━━━ Supplied material

(* Let $t$ and $\tau$ be normal terms, $y$ a $\lambda$-variable with $y\notin Fv(t)$ and $(t\;y)\triangleright^*\tau$, let $A,B$ be types, and suppose $\Gamma,y:A\vdash\tau:B;\Delta$. Then $\Gamma\vdash t:A\to B;\Delta$.
   Context: $\lambda\mu$-terms: $t::= x\mid \lambda x.t\mid (t\;t)\mid \mu a.t\mid (a\;t)$ over disjoint infinite sets of $\lambda$-variables and $\mu$-variables; $Fv(t)$ denotes free variables; types built from propositional variables and $\perp$ with $\to$. Reduction $(\lambda x.u\;v)\triangleright u[x:=v]$, $(\mu a.u\;v)\triangleright\mu a.u[a:=^*v]$ ($u[a:=^*v]$ replaces each subterm $(a\;w)$ of $u$ by $(a\;(w\;v))$), $\triangleright^*$ its reflexive transitive compatible closure; normal = no redex. Typing rules for $\Gamma\vdash t:A;\Delta$ ($\Gamma$ declarations of $\lambda$-variables, $\Delta$ of $\mu$-variables): (ax) $\Gamma\vdash x:A;\Delta$ if $x:A\in\Gamma$; ($\to_i$) from $\Gamma,x:A\vdash t:B;\Delta$ infer $\Gamma\vdash\lambda x.t:A\to B;\Delta$; ($\to_e$) from $\Gamma\vdash u:A\to B;\Delta$, $\Gamma\vdash v:A;\Delta$ infer $\Gamma\vdash(u\;v):B;\Delta$; ($\mu$) from $\Gamma\vdash t:\perp;\Delta,a:A$ infer $\Gamma\vdash\mu a.t:A;\Delta$; ($\perp$) from $\Gamma\vdash t:A;\Delta,a:A$ infer $\Gamma\vdash(a\;t):\perp;\Delta,a:A$. *)

theory Defs
  imports Main
begin

text \<open>Lambda-mu calculus with de Bruijn indices. Two independent index spaces:
  lambda-variables (Var) are bound by Lam, mu-variables (MVar a t = (a t)) are bound by Mu.\<close>

datatype trm =
    Var nat
  | Lam trm
  | App trm trm
  | Mu trm
  | MVar nat trm

datatype ty = Atom nat | Bot | Arr ty ty

fun liftL :: "nat \<Rightarrow> trm \<Rightarrow> trm" where
  "liftL k (Var i) = (if i < k then Var i else Var (Suc i))"
| "liftL k (Lam t) = Lam (liftL (Suc k) t)"
| "liftL k (App t u) = App (liftL k t) (liftL k u)"
| "liftL k (Mu t) = Mu (liftL k t)"
| "liftL k (MVar a t) = MVar a (liftL k t)"

fun liftM :: "nat \<Rightarrow> trm \<Rightarrow> trm" where
  "liftM k (Var i) = Var i"
| "liftM k (Lam t) = Lam (liftM k t)"
| "liftM k (App t u) = App (liftM k t) (liftM k u)"
| "liftM k (Mu t) = Mu (liftM (Suc k) t)"
| "liftM k (MVar a t) = MVar (if a < k then a else Suc a) (liftM k t)"

text \<open>Capture-avoiding substitution t[x:=s] of s for the lambda-variable with index k
  (the binder of k is removed, so higher indices are decremented).\<close>
fun substL :: "trm \<Rightarrow> nat \<Rightarrow> trm \<Rightarrow> trm" where
  "substL (Var i) k s = (if i < k then Var i else if i = k then s else Var (i - 1))"
| "substL (Lam t) k s = Lam (substL t (Suc k) (liftL 0 s))"
| "substL (App t u) k s = App (substL t k s) (substL u k s)"
| "substL (Mu t) k s = Mu (substL t k (liftM 0 s))"
| "substL (MVar a t) k s = MVar a (substL t k s)"

text \<open>Structural substitution u[a:=* v]: every subterm (a w) with a the mu-variable of index k
  becomes (a (w v)).\<close>
fun substM :: "trm \<Rightarrow> nat \<Rightarrow> trm \<Rightarrow> trm" where
  "substM (Var i) k v = Var i"
| "substM (Lam t) k v = Lam (substM t k (liftL 0 v))"
| "substM (App t u) k v = App (substM t k v) (substM u k v)"
| "substM (Mu t) k v = Mu (substM t (Suc k) (liftM 0 v))"
| "substM (MVar a t) k v =
     (if a = k then MVar a (App (substM t k v) v) else MVar a (substM t k v))"

inductive red :: "trm \<Rightarrow> trm \<Rightarrow> bool" where
  beta: "red (App (Lam u) v) (substL u 0 v)"
| mu: "red (App (Mu u) v) (Mu (substM u 0 (liftM 0 v)))"
| appL: "red t t' \<Longrightarrow> red (App t u) (App t' u)"
| appR: "red u u' \<Longrightarrow> red (App t u) (App t u')"
| lam: "red t t' \<Longrightarrow> red (Lam t) (Lam t')"
| muc: "red t t' \<Longrightarrow> red (Mu t) (Mu t')"
| mvar: "red t t' \<Longrightarrow> red (MVar a t) (MVar a t')"

abbreviation red_star :: "trm \<Rightarrow> trm \<Rightarrow> bool" where
  "red_star \<equiv> red\<^sup>*\<^sup>*"

fun is_redex :: "trm \<Rightarrow> bool" where
  "is_redex (App (Lam u) v) = True"
| "is_redex (App (Mu u) v) = True"
| "is_redex _ = False"

fun normal :: "trm \<Rightarrow> bool" where
  "normal (Var i) = True"
| "normal (Lam t) = normal t"
| "normal (App t u) = (\<not> is_redex (App t u) \<and> normal t \<and> normal u)"
| "normal (Mu t) = normal t"
| "normal (MVar a t) = normal t"

text \<open>Contexts assign types to indices; extension by a new innermost variable.\<close>
definition ext :: "ty \<Rightarrow> (nat \<Rightarrow> ty) \<Rightarrow> nat \<Rightarrow> ty" where
  "ext A \<Gamma> = (\<lambda>i. if i = 0 then A else \<Gamma> (i - 1))"

inductive typing :: "(nat \<Rightarrow> ty) \<Rightarrow> trm \<Rightarrow> ty \<Rightarrow> (nat \<Rightarrow> ty) \<Rightarrow> bool" where
  ax: "typing \<Gamma> (Var x) (\<Gamma> x) \<Delta>"
| arr_i: "typing (ext A \<Gamma>) t B \<Delta> \<Longrightarrow> typing \<Gamma> (Lam t) (Arr A B) \<Delta>"
| arr_e: "typing \<Gamma> u (Arr A B) \<Delta> \<Longrightarrow> typing \<Gamma> v A \<Delta> \<Longrightarrow> typing \<Gamma> (App u v) B \<Delta>"
| mu: "typing \<Gamma> t Bot (ext A \<Delta>) \<Longrightarrow> typing \<Gamma> (Mu t) A \<Delta>"
| bot: "typing \<Gamma> t (\<Delta> a) \<Delta> \<Longrightarrow> typing \<Gamma> (MVar a t) Bot \<Delta>"

end

theory Submission
  imports Defs
begin

text \<open>Since \<open>t\<close> is normal, every redex of \<open>(t y)\<close> has a variable as argument, and this
  property is preserved by reduction. Contracting a redex whose argument is a variable only
  renames a \<open>\<lambda>\<close>-variable or turns each \<open>(a w)\<close> into \<open>(a (w z))\<close>, so a typing of the
  contractum can be pulled back to the redex (subject expansion, with \<open>a\<close> retyped as
  \<open>\<Gamma>(z) \<rightarrow> \<Delta>(a)\<close>). Hence \<open>\<Gamma>, y:A \<turnstile> (t y) : B\<close>, and as \<open>y\<close> is not free in \<open>t\<close> this gives
  \<open>\<Gamma> \<turnstile> t : A \<rightarrow> B\<close>.\<close>

inductive_cases typing_VarE: "typing G (Var i) T D"
inductive_cases typing_LamE: "typing G (Lam t) T D"
inductive_cases typing_AppE: "typing G (App t u) T D"
inductive_cases typing_MuE: "typing G (Mu t) T D"
inductive_cases typing_MVarE: "typing G (MVar a t) T D"
inductive_cases red_VarE: "red (Var k) u"

fun neutral :: "trm \<Rightarrow> bool" where
  "neutral (Var i) = True"
| "neutral (MVar a t) = True"
| "neutral (App f u) = neutral f"
| "neutral _ = False"

text \<open>Every application either has a neutral head (so it is not and never becomes a redex
  at the root) or has a variable as argument.\<close>
fun var_redex_args :: "trm \<Rightarrow> bool" where
  "var_redex_args (Var i) = True"
| "var_redex_args (Lam t) = var_redex_args t"
| "var_redex_args (Mu t) = var_redex_args t"
| "var_redex_args (MVar a t) = var_redex_args t"
| "var_redex_args (App f u) =
     (var_redex_args f \<and> var_redex_args u \<and> (neutral f \<or> (\<exists>k. u = Var k)))"

lemma normal_neutral:
  "normal t \<Longrightarrow> \<nexists>u. t = Lam u \<Longrightarrow> \<nexists>u. t = Mu u \<Longrightarrow> neutral t"
proof (induction t)
  case (App t1 t2)
  then show ?case by (cases t1) auto
qed auto

lemma normal_var_redex_args: "normal t \<Longrightarrow> var_redex_args t"
proof (induction t)
  case (App t1 t2)
  then show ?case using normal_neutral[of t1] by (cases t1) auto
qed auto

lemma neutral_liftL: "neutral t \<Longrightarrow> neutral (liftL k t)"
  by (induction t arbitrary: k) auto

lemma var_redex_args_liftL: "var_redex_args t \<Longrightarrow> var_redex_args (liftL k t)"
  by (induction t arbitrary: k) (auto simp: neutral_liftL split: if_splits)

lemma neutral_substL_Var: "neutral t \<Longrightarrow> neutral (substL t k (Var j))"
  by (induction t arbitrary: k j) auto

lemma var_redex_args_substL_Var:
  "var_redex_args t \<Longrightarrow> var_redex_args (substL t k (Var j))"
  by (induction t arbitrary: k j) (auto simp: neutral_substL_Var split: if_splits)

lemma neutral_substM_Var: "neutral t \<Longrightarrow> neutral (substM t k (Var j))"
  by (induction t arbitrary: k j) auto

lemma var_redex_args_substM_Var:
  "var_redex_args t \<Longrightarrow> var_redex_args (substM t k (Var j))"
  by (induction t arbitrary: k j) (auto simp: neutral_substM_Var)

lemma neutral_red: "red s s' \<Longrightarrow> neutral s \<Longrightarrow> neutral s'"
  by (induction rule: red.induct) auto

lemma var_redex_args_red: "red s s' \<Longrightarrow> var_redex_args s \<Longrightarrow> var_redex_args s'"
proof (induction rule: red.induct)
  case (beta u v)
  then show ?case by (auto intro: var_redex_args_substL_Var)
next
  case (mu u v)
  then show ?case by (auto intro: var_redex_args_substM_Var)
next
  case (appL t t' u)
  then show ?case using neutral_red by auto
next
  case (appR u u' t)
  then show ?case by (auto elim!: red_VarE)
qed auto

text \<open>\<open>G'\<close> is \<open>G\<close> with a fresh variable of index \<open>k\<close> inserted and typed like \<open>j\<close>.\<close>
lemma typing_substL_Var_inv:
  assumes "typing G (substL u k (Var j)) T D"
    and "\<forall>i. G' i = (if i < k then G i else if i = k then G j else G (i - 1))"
  shows "typing G' u T D"
  using assms
proof (induction u arbitrary: G G' k j T D)
  case (Var i)
  then have "T = G' i" by (auto elim!: typing_VarE split: if_splits)
  then show ?case by (metis typing.ax)
next
  case (Lam t)
  from Lam.prems(1) obtain A B where "T = Arr A B"
    and "typing (ext A G) (substL t (Suc k) (Var (Suc j))) B D"
    by (auto elim!: typing_LamE)
  moreover from this(2) have "typing (ext A G') t B D"
    by (rule Lam.IH) (use Lam.prems(2) in \<open>auto simp: ext_def\<close>)
  ultimately show ?case by (simp add: typing.arr_i)
next
  case (App t1 t2)
  from App.prems(1) obtain A where "typing G (substL t1 k (Var j)) (Arr A T) D"
    and "typing G (substL t2 k (Var j)) A D"
    by (auto elim!: typing_AppE)
  then show ?case using App.IH App.prems(2) by (meson typing.arr_e)
next
  case (Mu t)
  then show ?case by (auto elim!: typing_MuE intro: typing.mu)
next
  case (MVar a t)
  then show ?case by (auto elim!: typing_MVarE intro: typing.bot)
qed

lemma typing_substM_Var_inv:
  assumes "typing G (substM u k (Var j)) T D"
    and "D' k = Arr (G j) (D k)" and "\<forall>i. i \<noteq> k \<longrightarrow> D' i = D i"
  shows "typing G u T D'"
  using assms
proof (induction u arbitrary: G D D' k j T)
  case (Var i)
  then show ?case by (auto elim!: typing_VarE intro: typing.ax)
next
  case (Lam t)
  then show ?case by (fastforce elim!: typing_LamE intro: typing.arr_i simp: ext_def)
next
  case (App t1 t2)
  from App.prems(1) obtain A where "typing G (substM t1 k (Var j)) (Arr A T) D"
    and "typing G (substM t2 k (Var j)) A D"
    by (auto elim!: typing_AppE)
  then show ?case using App.IH App.prems(2,3) by (meson typing.arr_e)
next
  case (Mu t)
  from Mu.prems(1) have "typing G (substM t (Suc k) (Var j)) Bot (ext T D)"
    by (auto elim!: typing_MuE)
  then have "typing G t Bot (ext T D')"
    by (rule Mu.IH) (use Mu.prems(2,3) in \<open>auto simp: ext_def\<close>)
  then show ?case by (rule typing.mu)
next
  case (MVar a t)
  show ?case
  proof (cases "a = k")
    case True
    with MVar.prems(1) obtain A' where "T = Bot"
      and "typing G (substM t k (Var j)) (Arr A' (D k)) D"
      and "typing G (Var j) A' D"
      by (auto elim!: typing_MVarE typing_AppE)
    moreover from this(3) have "A' = G j" by (auto elim: typing_VarE)
    ultimately show ?thesis
      using True MVar.IH MVar.prems(2,3) by (auto intro: typing.bot)
  next
    case False
    with MVar.prems(1) have "T = Bot" and "typing G (substM t k (Var j)) (D a) D"
      by (auto elim!: typing_MVarE)
    then show ?thesis
      using False MVar.IH MVar.prems(2,3) by (metis typing.bot)
  qed
qed

lemma typing_red_expand:
  "red s s' \<Longrightarrow> var_redex_args s \<Longrightarrow> typing G s' T D \<Longrightarrow> typing G s T D"
proof (induction arbitrary: G T D rule: red.induct)
  case (beta u v)
  then obtain k where v: "v = Var k" by auto
  with beta have "typing (ext (G k) G) u T D"
    by (auto intro: typing_substL_Var_inv simp: ext_def)
  then show ?case using v by (metis typing.arr_i typing.arr_e typing.ax)
next
  case (mu u v)
  then obtain k where v: "v = Var k" by auto
  with mu have "typing G (substM u 0 (Var k)) Bot (ext T D)"
    by (auto elim!: typing_MuE)
  then have "typing G u Bot (ext (Arr (G k) T) D)"
    by (rule typing_substM_Var_inv) (auto simp: ext_def)
  then show ?case using v by (metis typing.mu typing.arr_e typing.ax)
qed (auto elim!: typing_AppE typing_LamE typing_MuE typing_MVarE
          intro: typing.arr_e typing.arr_i typing.mu typing.bot)

lemma typing_red_star_expand:
  "red_star s s' \<Longrightarrow> var_redex_args s \<Longrightarrow> typing G s' T D \<Longrightarrow> typing G s T D"
  by (induction rule: converse_rtranclp_induct)
    (auto dest: var_redex_args_red typing_red_expand)

lemma typing_liftL_strengthen:
  assumes "typing G' (liftL k t) T D"
    and "\<forall>i<k. G' i = G i" and "\<forall>i\<ge>k. G' (Suc i) = G i"
  shows "typing G t T D"
  using assms
proof (induction t arbitrary: G G' k T D)
  case (Var i)
  then have "T = G i" by (auto elim!: typing_VarE split: if_splits)
  then show ?case by (metis typing.ax)
next
  case (Lam t)
  from Lam.prems(1) obtain A B where "T = Arr A B"
    and "typing (ext A G') (liftL (Suc k) t) B D"
    by (auto elim!: typing_LamE)
  moreover from this(2) have "typing (ext A G) t B D"
  proof (rule Lam.IH)
    show "\<forall>i<Suc k. ext A G' i = ext A G i"
      using Lam.prems(2) by (auto simp: ext_def less_Suc_eq_0_disj)
    show "\<forall>i\<ge>Suc k. ext A G' (Suc i) = ext A G i"
    proof (intro allI impI)
      fix i assume "Suc k \<le> i"
      then show "ext A G' (Suc i) = ext A G i"
        using Lam.prems(3) by (cases i) (auto simp: ext_def)
    qed
  qed
  ultimately show ?case by (simp add: typing.arr_i)
next
  case (App t1 t2)
  from App.prems(1) obtain A where "typing G' (liftL k t1) (Arr A T) D"
    and "typing G' (liftL k t2) A D"
    by (auto elim!: typing_AppE)
  then show ?case using App.IH App.prems(2,3) by (meson typing.arr_e)
next
  case (Mu t)
  then show ?case by (auto elim!: typing_MuE intro: typing.mu)
next
  case (MVar a t)
  then show ?case by (auto elim!: typing_MVarE intro: typing.bot)
qed

theorem mainTheorem14:
  fixes t \<tau> :: trm and A B :: ty and \<Gamma> \<Delta> :: "nat \<Rightarrow> ty"
  assumes "normal t" and "normal \<tau>"
    and "red_star (App (liftL 0 t) (Var 0)) \<tau>"
    and "typing (ext A \<Gamma>) \<tau> B \<Delta>"
  shows "typing \<Gamma> t (Arr A B) \<Delta>"
proof -
  have "var_redex_args (App (liftL 0 t) (Var 0))"
    using normal_var_redex_args[OF assms(1)] by (simp add: var_redex_args_liftL)
  then have "typing (ext A \<Gamma>) (App (liftL 0 t) (Var 0)) B \<Delta>"
    using assms(3,4) typing_red_star_expand by blast
  then obtain A' where "typing (ext A \<Gamma>) (liftL 0 t) (Arr A' B) \<Delta>"
    and "typing (ext A \<Gamma>) (Var 0) A' \<Delta>"
    by (auto elim!: typing_AppE)
  moreover from this(2) have "A' = A" by (auto elim: typing_VarE simp: ext_def)
  ultimately show ?thesis by (auto intro: typing_liftL_strengthen simp: ext_def)
qed

end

━━━━━━

(What you will do): Say how many lines of the material hold the string "indices". Nothing else should be written.

(Exercise answer): 3